Over 9.8 million Greeks were registered to vote in an election that will select a new government to implement a three-year bailout adopted by the country’s parliament last month. The divisive decision led to the toppling of Tsipras’s government.

With around a tenth of the electorate estimated to be undecided, and the gap between the two parties under the 3.0-percent margin of statistical error, pollsters say the race will be tight.

Many voters said they were casting their ballots with a heavy heart, knowing that whichever party wins, they will still be facing the tough reforms Tsipras agreed in July in return for a new 86-billion-euro ($97-billion) international rescue.

“I’m voting with great sadness,” said Nikos, a former engineer.

“My two children are unemployed and are living on my pension, which has been cut from 1,200 euros ($1,350) to 750 euros,” he told Skai TV.

“I hope better days will come but I don’t see it happening,” he said.

“Whoever is elected the result will be the same,” added Yiannis, also a pensioner.

“Greece has been owing money for its entire existence, and as long as this happens it will suffer.”

– Former student leader –

Ballots close at 1600 GMT, at which point exit polls will be available. The interior ministry is expected to make an announcement on the first official results after 1800 GMT.

Tsipras, a charismatic former student leader, was elected in January with 36.34 percent of the vote, becoming Greece’s youngest prime minister in 150 years and a beacon for anti-austerity campaigners across the European Union.

He took office as irate Greeks ran out of patience with the dire belt-tightening reforms imposed by the debt-hit country’s international creditors. At the time New Democracy trailed well behind, winning 27.81 percent of the vote.

But the latest figures now show Tsipras leading Meimarakis by a narrow margin, with polls putting the Syriza leader’s advantage at between 0.7 and 3.0 percent.

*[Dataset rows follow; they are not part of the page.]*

text \<open>The running maximum increases only at a strict ladder epoch, and by time reversal step
  \<open>n + 1\<close> is one with the probability that the walk stays positive for \<open>n + 1\<close> steps.\<close>

lemma mean_max_prefix_sum_Suc_le:
  assumes "set_pmf e \<subseteq> {..L}" and "0 \<le> L"
  shows "mean_max_prefix_sum e (Suc n)
           \<le> mean_max_prefix_sum e n + ennreal (of_int L) * emeasure (replicate_pmf (Suc n) e) {xs. stays_pos 0 xs}"
proof -
  let ?Z = "\<lambda>xs. ennreal (of_int (max_prefix_sum xs))"
  let ?A = "{xs. suffix_sums_pos xs}"
  have "mean_max_prefix_sum e (Suc n) = (\<integral>\<^sup>+xs. \<integral>\<^sup>+x. ?Z (xs @ [x]) \<partial>e \<partial>replicate_pmf n e)"
    unfolding mean_max_prefix_sum_def replicate_pmf_Suc_snoc by (simp add: nn_integral_bind_pmf)
  also have "\<dots> \<le> (\<integral>\<^sup>+xs. \<integral>\<^sup>+x. ?Z xs + ennreal (of_int L) * indicator ((\<lambda>x. xs @ [x]) -` ?A) x
                     \<partial>e \<partial>replicate_pmf n e)"
  proof (intro nn_integral_mono nn_integral_mono_AE, unfold AE_measure_pmf_iff, intro ballI)
    fix xs x assume "x \<in> set_pmf e"
    then have "x \<le> L"
      using assms(1) by auto
    then have "max_prefix_sum (xs @ [x]) \<le> max_prefix_sum xs + (if xs @ [x] \<in> ?A then L else 0)"
      by (simp add: max_prefix_sum_snoc_le)
    then show "?Z (xs @ [x]) \<le> ?Z xs + ennreal (of_int L) * indicator ((\<lambda>x. xs @ [x]) -` ?A) x"
      using max_prefix_sum_nonneg[of xs] assms(2)
      by (auto simp: indicator_def ennreal_plus[symmetric] simp del: ennreal_plus intro!: ennreal_leI)
  qed
  also have "\<dots> = mean_max_prefix_sum e n
                    + ennreal (of_int L) * (\<integral>\<^sup>+xs. emeasure e ((\<lambda>x. xs @ [x]) -` ?A) \<partial>replicate_pmf n e)"
    unfolding mean_max_prefix_sum_def
    by (simp add: nn_integral_add nn_integral_cmult measure_pmf.emeasure_space_1)
  also have "(\<integral>\<^sup>+xs. emeasure e ((\<lambda>x. xs @ [x]) -` ?A) \<partial>replicate_pmf n e)
             = emeasure (replicate_pmf (Suc n) e) ?A"
    by (simp only: replicate_pmf_Suc_snoc emeasure_bind_pmf emeasure_map_pmf)
  also have "emeasure (replicate_pmf (Suc n) e) ?A = emeasure (replicate_pmf (Suc n) e) {xs. stays_pos 0 xs}"
    by (subst (2) map_pmf_rev_replicate_pmf[symmetric]) (simp add: stays_pos_rev vimage_def)
  finally show ?thesis .
qed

It was his own cash-for-reforms deal with Greece’s international lenders in July, signed days after Greeks overwhelmingly voted “No” to more austerity in a national referendum, that upset supporters.

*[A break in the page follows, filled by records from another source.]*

definition event_E :: "nat \<Rightarrow> nat \<Rightarrow> nat \<Rightarrow> nat \<Rightarrow> real \<Rightarrow> real \<Rightarrow> real \<Rightarrow> (nat \<Rightarrow> real) \<Rightarrow> (nat \<Rightarrow> nat)
    \<Rightarrow> (nat \<Rightarrow> nat \<Rightarrow> nat \<Rightarrow> real) \<Rightarrow> (nat \<Rightarrow> nat \<Rightarrow> real) \<Rightarrow> bool" where
  "event_E N P d m sn s0 delta y s X W0 \<longleftrightarrow>
     (\<forall>i\<in>{1..N}. \<forall>j\<in>{1..P}. j \<noteq> s i \<longrightarrow>
        sn^2 * d / 2 \<le> sqnorm d (X i j) \<and> sqnorm d (X i j) \<le> 3/2 * sn^2 * d) \<and>
     (\<forall>i\<in>{1..N}. \<forall>k\<in>{1..N}. \<forall>j\<in>{1..P}. \<forall>q\<in>{1..P}. j \<noteq> s i \<longrightarrow> q \<noteq> s k \<longrightarrow> (i, j) \<noteq> (k, q) \<longrightarrow>
        \<bar>ip d (X i j) (X k q)\<bar> \<le> 2 * sn^2 * sqrt (d * ln (16 * N^2 * P^2 / delta))) \<and>
     (\<forall>i\<in>{1..N}. \<forall>j\<in>{1..P}. j \<noteq> s i \<longrightarrow>
        infnorm_d d (X i j) \<le> sn * sqrt (2 * ln (16 * d * N * P / delta))) \<and>
     (\<forall>r\<in>{1..m}. sqrt (sqnorm d (W0 r)) \<le> 2 * s0 * sqrt d) \<and>
     (\<forall>r\<in>{1..m}. \<bar>ip d (W0 r) (evec 1)\<bar> \<le> s0 * sqrt (2 * ln (16 * m / delta))) \<and>
     (\<forall>r\<in>{1..m}. \<forall>i\<in>{1..N}. \<forall>j\<in>{1..P}. j \<noteq> s i \<longrightarrow>
        \<bar>ip d (W0 r) (X i j)\<bar> \<le> 2 * s0 * sn * sqrt (d * ln (16 * N * m * P / delta))) \<and>
     s0 / 2 \<le> Max ((\<lambda>r. ip d (W0 r) (evec 1)) ` {1..m}) \<and>
     Max ((\<lambda>r. ip d (W0 r) (evec 1)) ` {1..m}) \<le> s0 * sqrt (2 * ln (16 * m / delta)) \<and>
     (\<forall>i\<in>{1..N}. \<forall>j\<in>{1..P}. j \<noteq> s i \<longrightarrow>
        s0 * sn * sqrt d / 4 \<le> Max ((\<lambda>r. y i * ip d (W0 r) (X i j)) ` {1..m}) \<and>
        Max ((\<lambda>r. y i * ip d (W0 r) (X i j)) ` {1..m}) \<le> 2 * s0 * sn * sqrt (d * ln (16 * N * m * P / delta)))"

text \<open>Standing parameter conditions (i)-(ix) for the constant C.  pun = |S_U| / N.\<close>
definition standing_conds :: "real \<Rightarrow> nat \<Rightarrow> nat \<Rightarrow> nat \<Rightarrow> nat \<Rightarrow> real \<Rightarrow> real \<Rightarrow> real \<Rightarrow> real \<Rightarrow> real
    \<Rightarrow> real \<Rightarrow> real \<Rightarrow> nat \<Rightarrow> real \<Rightarrow> bool" where
  "standing_conds C N P d m alpha sn s0 eta eps Gam delta T pun \<longleftrightarrow>
     alpha > 0 \<and> sn > 0 \<and> s0 > 0 \<and> eta > 0 \<and> eps > 0 \<and> Gam > 0 \<and> 0 < delta \<and> delta < 1 \<and>
     \<comment> \<open>(i)\<close>
     real T \<ge> C * N / (eta * s0 * sn^3 * d powr (3/2)) \<and>
     \<comment> \<open>(ii)\<close>
     real d \<ge> C * m^2 * P^2 * N^2 * (ln (T * N * m * P / delta))^4 \<and>
     \<comment> \<open>(iii)\<close>
     alpha \<ge> C * sn * sqrt d * ln (T * N * m * P / delta) / (N powr (1/3) * (1 - pun) powr (1/3)) \<and>
     \<comment> \<open>(iv)\<close>
     s0 \<le> inverse C * min (1 / (m powr (2/3) * P powr (2/3) * sn * sqrt d))
                (min (1 / (alpha * m powr (2/3))) (1 / (sn * m^2 * sqrt P * d)))
           / ln (T * d * N * m * P / delta) \<and>
     \<comment> \<open>(v)\<close>
     eta \<le> inverse C * min (1 / (alpha^3 * s0)) (min (1 / (sn^2 * d)) (1 / alpha^2))
           / ln (T * N * m * P / delta) \<and>
     \<comment> \<open>(vi)\<close>
     C * sn * m * sqrt P * ln (T * d * N * P / delta) \<le> eps \<and>
     eps < inverse C * min alpha (1 / (m * s0 * d)) \<and>
     \<comment> \<open>(vii)\<close>
     (pun = 0 \<or> (C / N \<le> pun \<and> pun \<le> inverse C * ln d / N)) \<and>
     real N \<ge> C * m * P * ln (T * d * N * m * P / delta) \<and>
     \<comment> \<open>(viii)\<close>
     C * ln (N * P / delta) \<le> m \<and> m \<le> C * (ln d) powr C \<and> 2 \<le> P \<and> P \<le> C \<and>
     \<comment> \<open>(ix)\<close>
     Gam \<ge> C * d"

end

theory Submission
  imports Defs
begin

text \<open>
  Only the signal coordinate w(r,1) matters, and only labeled points move it: every patch of an
  unlabeled example and every noise patch vanishes in coordinate 1, and the adversary can only
  rescale the signal patch, so on a labeled point it becomes a y e1 with |a - alpha| <= eps <= alpha/5.
  Hence one gradient step adds the nonnegative amount eta/N sum_i sigma(z_i) 3 a_i^3 w(r,1)^2, where
  sigma = -logloss' and z_i is the margin, and the noise bound gives z_i >= sum_r a_i^3 w(r,1)^3 - 1/4.
  Put A = (log T)^(1/3) / alpha. While w(r,1) <= 2A a step adds at most A/2 because eta is small;
  once w(r,1) > 2A the margin exceeds 2 log T, so sigma <= 1/T^2 and a step adds at most A/(2T).
  By induction w(r,1) <= 5A/2 + tau A/(2T) <= 3A for tau <= T. What remains is to check that the
  standing conditions with C = 10^6 make eta, the initialization and the noise terms small enough.
\<close>

section \<open>The network and the gradient of the loss\<close>

lemma phi_minus_phi_neg: "phi z - phi (- z) = z ^ 3"
  unfolding phi_def by (cases "z \<ge> 0") (auto simp: max_def power3_eq_cube)

lemma fW_eq_sum_cubes: "fW m P d W X = (\<Sum>r=1..m. \<Sum>p=1..P. (ip d (W r) (X p)) ^ 3)"
  unfolding fW_def by (simp add: phi_minus_phi_neg)

lemma ip_cong: "(\<And>j. j \<in> {1..d} \<Longrightarrow> x j = x' j) \<Longrightarrow> ip d v x = ip d v x'"
  unfolding ip_def by (rule sum.cong) auto

lemma ip_fun_upd:
  assumes "k \<in> {1..d}"
  shows "ip d (v(k := z)) x = ip d v x + (z - v k) * x k"
proof -
  have "ip d (v(k := z)) x = (\<Sum>j=1..d. v j * x j + (if j = k then (z - v k) * x k else 0))"
    unfolding ip_def by (rule sum.cong) (auto simp: algebra_simps)
  then show ?thesis
    using assms by (simp add: sum.distrib ip_def)
qed

lemma ip_scaled_evec:
  assumes "k \<in> {1..d}" "\<And>j. j \<in> {1..d} \<Longrightarrow> x j = c * evec k j"
  shows "ip d v x = v k * c"
proof -
  have "ip d v x = (\<Sum>j=1..d. if j = k then v k * c else 0)"
    unfolding ip_def by (rule sum.cong) (auto simp: assms(2) evec_def)
  then show ?thesis
    using assms(1) by simp
qed

lemma fW_fun_upd_coord:
  assumes "r \<in> {1..m}" "s \<in> {1..P}" "k \<in> {1..d}"
    and "\<And>p. p \<in> {1..P} \<Longrightarrow> p \<noteq> s \<Longrightarrow> X p k = 0"
  shows "fW m P d (W(r := (W r)(k := z))) X
    = fW m P d W X + (ip d (W r) (X s) + (z - W r k) * X s k) ^ 3 - (ip d (W r) (X s)) ^ 3"
proof -
  let ?D = "(ip d (W r) (X s) + (z - W r k) * X s k) ^ 3 - (ip d (W r) (X s)) ^ 3"
  have "(ip d ((W(r := (W r)(k := z))) r') (X p)) ^ 3 - (ip d (W r') (X p)) ^ 3
      = (if p = s then if r' = r then ?D else 0 else 0)" if "p \<in> {1..P}" for r' p
    using that assms(3,4) by (auto simp: ip_fun_upd)
  then have "fW m P d (W(r := (W r)(k := z))) X - fW m P d W X
      = (\<Sum>r'=1..m. \<Sum>p=1..P. if p = s then if r' = r then ?D else 0 else 0)"
    unfolding fW_eq_sum_cubes sum_subtractf[symmetric] by (intro sum.cong) auto
  also have "\<dots> = ?D"
    using assms(1,2) by simp
  finally show ?thesis
    by simp
qed

definition logloss_slope :: "real \<Rightarrow> real" where
  "logloss_slope u = exp (- u) / (1 + exp (- u))"

lemma logloss_has_derivative: "(logloss has_real_derivative - logloss_slope u) (at u)"
proof -
  have "0 < 1 + exp (- u)"
    by (simp add: add_pos_pos)
  then show ?thesis
    unfolding logloss_def logloss_slope_def
    by (auto intro!: derivative_eq_intros simp: field_simps)
qed

lemma logloss_slope_nonneg: "0 \<le> logloss_slope u"
  unfolding logloss_slope_def by simp

lemma logloss_slope_le_one: "logloss_slope u \<le> 1"
  unfolding logloss_slope_def by (simp add: add_pos_pos)

lemma logloss_slope_le_exp: "logloss_slope u \<le> exp (- u)"
  unfolding logloss_slope_def by (simp add: add_pos_pos divide_le_eq mult_le_cancel_left1)

lemma deriv_logloss_coord:
  assumes "r \<in> {1..m}" "s \<in> {1..P}" "k \<in> {1..d}"
    and "\<And>p. p \<in> {1..P} \<Longrightarrow> p \<noteq> s \<Longrightarrow> X p k = 0"
  shows "deriv (\<lambda>z. logloss (y * fW m P d (W(r := (W r)(k := z))) X)) (W r k)
    = - logloss_slope (y * fW m P d W X) * (y * (3 * (ip d (W r) (X s)) ^ 2 * X s k))"
proof -
  let ?I = "ip d (W r) (X s)"
  have "((\<lambda>z. y * (fW m P d W X + (?I + (z - W r k) * X s k) ^ 3 - ?I ^ 3)) has_real_derivative
      y * (3 * ?I ^ 2 * X s k)) (at (W r k))"
    by (auto intro!: derivative_eq_intros)
  then have chain: "((\<lambda>z. logloss (y * (fW m P d W X + (?I + (z - W r k) * X s k) ^ 3 - ?I ^ 3)))
      has_real_derivative - logloss_slope (y * fW m P d W X) * (y * (3 * ?I ^ 2 * X s k))) (at (W r k))"
    by (rule DERIV_chain2[rotated]) (simp add: logloss_has_derivative)
  have fW_update: "(\<lambda>z. logloss (y * fW m P d (W(r := (W r)(k := z))) X))
      = (\<lambda>z. logloss (y * (fW m P d W X + (?I + (z - W r k) * X s k) ^ 3 - ?I ^ 3)))"
    using fW_fun_upd_coord[of r m s P k d X W, OF assms] by simp
  show ?thesis
    unfolding fW_update by (rule DERIV_imp_deriv[OF chain])
qed

lemma logloss_slope_le_inverse_square:
  assumes "0 < T" "2 * ln T \<le> u"
  shows "logloss_slope u \<le> 1 / T ^ 2"
proof -
  have "logloss_slope u \<le> exp (- (2 * ln T))"
    using logloss_slope_le_exp[of u] assms(2) by (meson exp_le_cancel_iff neg_le_iff_le order_trans)
  also have "\<dots> = 1 / T ^ 2"
    using assms(1) by (simp add: exp_minus exp_of_nat_mult[of 2, simplified] inverse_eq_divide)
  finally show ?thesis .
qed

section \<open>Adversarial examples\<close>

lemma adv_feasible_noise_patch:
  assumes "adv_feasible P d eps X s X'" "p \<in> {1..P}" "p \<noteq> s" "j \<in> {1..d}"
  shows "X' p j = X p j"
  using assms unfolding adv_feasible_def by force

lemma adv_feasible_signal_patch:
  assumes "adv_feasible P d eps X s X'" "s \<in> {1..P}" "k \<in> {1..d}"
    and "\<And>j. j \<in> {1..d} \<Longrightarrow> X s j = b * evec k j"
  obtains b' where "\<bar>b' - b\<bar> \<le> eps" "\<And>j. j \<in> {1..d} \<Longrightarrow> X' s j = b' * evec k j"
proof -
  obtain c where diff: "\<forall>p\<in>{1..P}. \<forall>j\<in>{1..d}. X' p j - X p j = (if p = s then c * X p j else 0)"
    and close: "\<forall>p\<in>{1..P}. \<forall>j\<in>{1..d}. \<bar>X' p j - X p j\<bar> \<le> eps"
    using assms(1) unfolding adv_feasible_def by blast
  have c: "\<And>j. j \<in> {1..d} \<Longrightarrow> X' s j - X s j = c * X s j"
    using diff assms(2) by simp
  have bound: "\<And>j. j \<in> {1..d} \<Longrightarrow> \<bar>X' s j - X s j\<bar> \<le> eps"
    using close assms(2) by blast
  have "X s k = b"
    using assms(3,4) by (simp add: evec_def)
  then have "\<bar>(1 + c) * b - b\<bar> \<le> eps"
    using c[OF assms(3)] bound[OF assms(3)] by (simp add: algebra_simps)
  moreover have "X' s j = ((1 + c) * b) * evec k j" if "j \<in> {1..d}" for j
    using c[OF that] assms(4)[OF that] by (simp add: algebra_simps)
  ultimately show ?thesis
    using that by blast
qed

lemma adv_feasible_labeled_signal:
  assumes "adv_feasible P d eps X s X'" "s \<in> {1..P}" "1 \<le> d" "y = 1 \<or> y = -1"
    and "\<And>j. j \<in> {1..d} \<Longrightarrow> X s j = alpha * y * evec 1 j"
  shows "\<bar>X' s 1 * y - alpha\<bar> \<le> eps" "\<And>j. j \<in> {1..d} \<Longrightarrow> X' s j = (X' s 1 * y * y) * evec 1 j"
proof -
  obtain b where b: "\<bar>b - alpha * y\<bar> \<le> eps" "\<And>j. j \<in> {1..d} \<Longrightarrow> X' s j = b * evec 1 j"
    using adv_feasible_signal_patch[OF assms(1,2), of 1 "alpha * y"] assms(3,5) by auto
  have "X' s 1 = b"
    using b(2)[of 1] assms(3) by (simp add: evec_def)
  then show "\<bar>X' s 1 * y - alpha\<bar> \<le> eps" "\<And>j. j \<in> {1..d} \<Longrightarrow> X' s j = (X' s 1 * y * y) * evec 1 j"
    using b assms(4) by (auto simp: abs_minus_commute)
qed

A fifth of Syriza’s MPs quit the party and set up a new one — Popular Unity — saying the deal to introduce more tax hikes and pension reforms in return for a massive international rescue was an unacceptable U-turn.

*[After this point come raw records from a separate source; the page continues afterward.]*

lemma Re_omega7 [simp]: "Re omega7 = 1/2" and Im_omega7 [simp]: "Im omega7 = sqrt 7 / 2"
  by (simp_all add: omega7_def)

lemma OK_iff: "x \<in> OK \<longleftrightarrow> (\<exists>a b::int. x = of_int a + of_int b * omega7)"
  unfolding OK_def omega7_def by auto

lemma OK_coeffs_unique:
  assumes "of_int a + of_int b * omega7 = of_int c + of_int d * omega7"
  shows "a = c \<and> b = d"
proof -
  have "b = d" using arg_cong[OF assms, of Im] by simp
  moreover have "Re (of_int a + of_int b * omega7) = Re (of_int c + of_int d * omega7)"
    using assms by simp
  ultimately show ?thesis by simp
qed

lemma OK_mult_coeffs:
  "(of_int a + of_int b * omega7) * (of_int c + of_int d * omega7)
     = of_int (a*c - 2*b*d) + of_int (a*d + b*c + b*d) * omega7"
proof -
  have "(of_int a + of_int b * omega7) * (of_int c + of_int d * omega7)
      = of_int a * of_int c + (of_int a * of_int d + of_int b * of_int c) * omega7
        + of_int b * of_int d * (omega7 * omega7)"
    by (simp add: algebra_simps)
  also have "\<dots> = of_int (a*c - 2*b*d) + of_int (a*d + b*c + b*d) * omega7"
    unfolding omega7_mult_self by (simp add: algebra_simps)
  finally show ?thesis .
qed

lemma OK_of_int [simp]: "of_int a \<in> OK"
  unfolding OK_iff by (rule exI[of _ a], rule exI[of _ 0]) simp

lemma OK_of_nat [simp]: "of_nat a \<in> OK"
  using OK_of_int[of "int a"] by simp

lemma OK_0 [simp]: "0 \<in> OK" and OK_1 [simp]: "1 \<in> OK"
  using OK_of_int[of 0] OK_of_int[of 1] by simp_all

lemma OK_numeral [simp]: "numeral n \<in> OK"
  using OK_of_int[of "numeral n"] by simp

lemma OK_omega7 [simp]: "omega7 \<in> OK"
  unfolding OK_iff by (rule exI[of _ 0], rule exI[of _ 1]) simp

lemma OK_add [simp]: "x \<in> OK \<Longrightarrow> y \<in> OK \<Longrightarrow> x + y \<in> OK"
proof -
  assume "x \<in> OK" "y \<in> OK"
  then obtain a b c d :: int where "x = of_int a + of_int b * omega7" "y = of_int c + of_int d * omega7"
    unfolding OK_iff by blast
  then have "x + y = of_int (a + c) + of_int (b + d) * omega7" by (simp add: algebra_simps)
  then show ?thesis unfolding OK_iff by blast
qed

lemma OK_uminus [simp]: "x \<in> OK \<Longrightarrow> - x \<in> OK"
proof -
  assume "x \<in> OK"
  then obtain a b :: int where "x = of_int a + of_int b * omega7" unfolding OK_iff by blast
  then have "- x = of_int (- a) + of_int (- b) * omega7" by simp
  then show ?thesis unfolding OK_iff by blast
qed

lemma OK_diff [simp]: "x \<in> OK \<Longrightarrow> y \<in> OK \<Longrightarrow> x - y \<in> OK"
  using OK_add[of x "-y"] by simp

lemma OK_mult [simp]: "x \<in> OK \<Longrightarrow> y \<in> OK \<Longrightarrow> x * y \<in> OK"
  unfolding OK_iff using OK_mult_coeffs by blast

lemma OK_power [simp]: "x \<in> OK \<Longrightarrow> x ^ n \<in> OK"
  by (induction n) auto

lemma sqrtm7_eq: "sqrtm7 = 2 * omega7 - 1"
  unfolding omega7_def by (simp add: field_simps)

lemma OK_sqrtm7 [simp]: "sqrtm7 \<in> OK"
  unfolding sqrtm7_eq by simp

lemma pi2_eq: "pi2 = - omega7" and pi2bar_eq: "pi2bar = omega7 - 1"
  unfolding pi2_def pi2bar_def omega7_def by (simp_all add: field_simps)

lemma OK_pi2 [simp]: "pi2 \<in> OK" and OK_pi2bar [simp]: "pi2bar \<in> OK"
  unfolding pi2_eq pi2bar_eq by simp_all

lemma pi2_mult_pi2bar: "pi2 * pi2bar = 2"
  unfolding pi2_eq pi2bar_eq using omega7_mult_self by (simp add: algebra_simps)

lemma cnj_OK: "x \<in> OK \<Longrightarrow> cnj x \<in> OK"
proof -
  assume "x \<in> OK"
  then obtain a b :: int where "x = of_int a + of_int b * omega7" unfolding OK_iff by blast
  moreover have "cnj omega7 = 1 - omega7" by (simp add: complex_eq_iff)
  ultimately have "cnj x = of_int a + of_int b * (1 - omega7)"
    by simp
  then have "cnj x = of_int (a + b) + of_int (- b) * omega7"
    by (simp add: algebra_simps)
  then show ?thesis unfolding OK_iff by blast
qed

lemma OK_norm_square_int: "x \<in> OK \<Longrightarrow> \<exists>n::int. (cmod x)^2 = of_int n"
proof -
  assume "x \<in> OK"
  then obtain a b :: int where x: "x = of_int a + of_int b * omega7" unfolding OK_iff by blast
  have "(cmod x)^2 = (a + b/2)^2 + (b * sqrt 7 / 2)^2" unfolding x cmod_power2 by simp
  also have "\<dots> = of_int (a^2 + a*b + 2*b^2)"
    by (simp add: power2_eq_square field_simps)
  finally show ?thesis by blast
qed

lemma OK_norm_square_ge_1: "x \<in> OK \<Longrightarrow> x \<noteq> 0 \<Longrightarrow> (cmod x)^2 \<ge> 1"
proof -
  assume "x \<in> OK" "x \<noteq> 0"
  then obtain n::int where n: "(cmod x)^2 = of_int n" using OK_norm_square_int by blast
  have "(cmod x)^2 > 0" using \<open>x \<noteq> 0\<close> by simp
  then show ?thesis using n by simp
qed

lemma KK_iff: "x \<in> KK \<longleftrightarrow> (\<exists>a b::rat. x = of_real (of_rat a) + of_real (of_rat b) * sqrtm7)"
  unfolding KK_def by auto

lemma KK_add [simp]: "x \<in> KK \<Longrightarrow> y \<in> KK \<Longrightarrow> x + y \<in> KK"
proof -
  assume "x \<in> KK" "y \<in> KK"
  then obtain a b c d :: rat where "x = of_real (of_rat a) + of_real (of_rat b) * sqrtm7"
    "y = of_real (of_rat c) + of_real (of_rat d) * sqrtm7" unfolding KK_iff by blast
  then have "x + y = of_real (of_rat (a + c)) + of_real (of_rat (b + d)) * sqrtm7"
    by (simp add: of_rat_add algebra_simps)
  then show ?thesis unfolding KK_iff by blast
qed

“He had no option, he did it because he had to, for the country,” said retired former teacher Elias Pappas. “If we’d had to leave the eurozone instead, the consequences would’ve been far worse.”

Helene, a waitress, added: “We need to give him a second chance.”

“He’s only had seven months in office,” she said.

– ‘Solidarity and democracy’ –

Tsipras was forced to call a new election to ensure a strong enough majority to implement the reforms. But in a slap in the face this week, his flamboyant former finance minister Yanis Varoufakis said he would vote for the breakaway hardliners rather than Tsipras.

As Tsipras wound up his campaign Friday, he said victory for Syriza would strike a blow for Europe’s left.

“Do we want a Europe of austerity or one of solidarity and democracy?” the 41-year-old said. “The result will be a key message for Europe.”

Manolis Alexakis, a political sociologist at the University of Crete, says Greeks are weary after successive votes and never-ending austerity.

“People seem tired,” he said. “The message is, please finish whatever should be done.”

Even after Tsipras’s broken promises, many voters believe he has their interests at heart and represents a break with past leaders perceived as corrupt.

But Meimarakis has cautioned voters against giving a second chance to a politician who publicly admitted he opposed the bailout he signed.

“Do you know of any other prime minister who brokered a deal, brought it to parliament, voted for it and signed it, whilst saying he does not believe in it?” Meimarakis told the To Vima weekly.

“I fear that if Syriza is elected… the country will soon be led to elections again,” said the bushy eye-browed 61-year-old who took the helm of New Democracy a couple of months ago.

But with nine parties hoping to enter parliament, no group is likely to secure an outright majority and Syriza could well need an ally from among those he despises.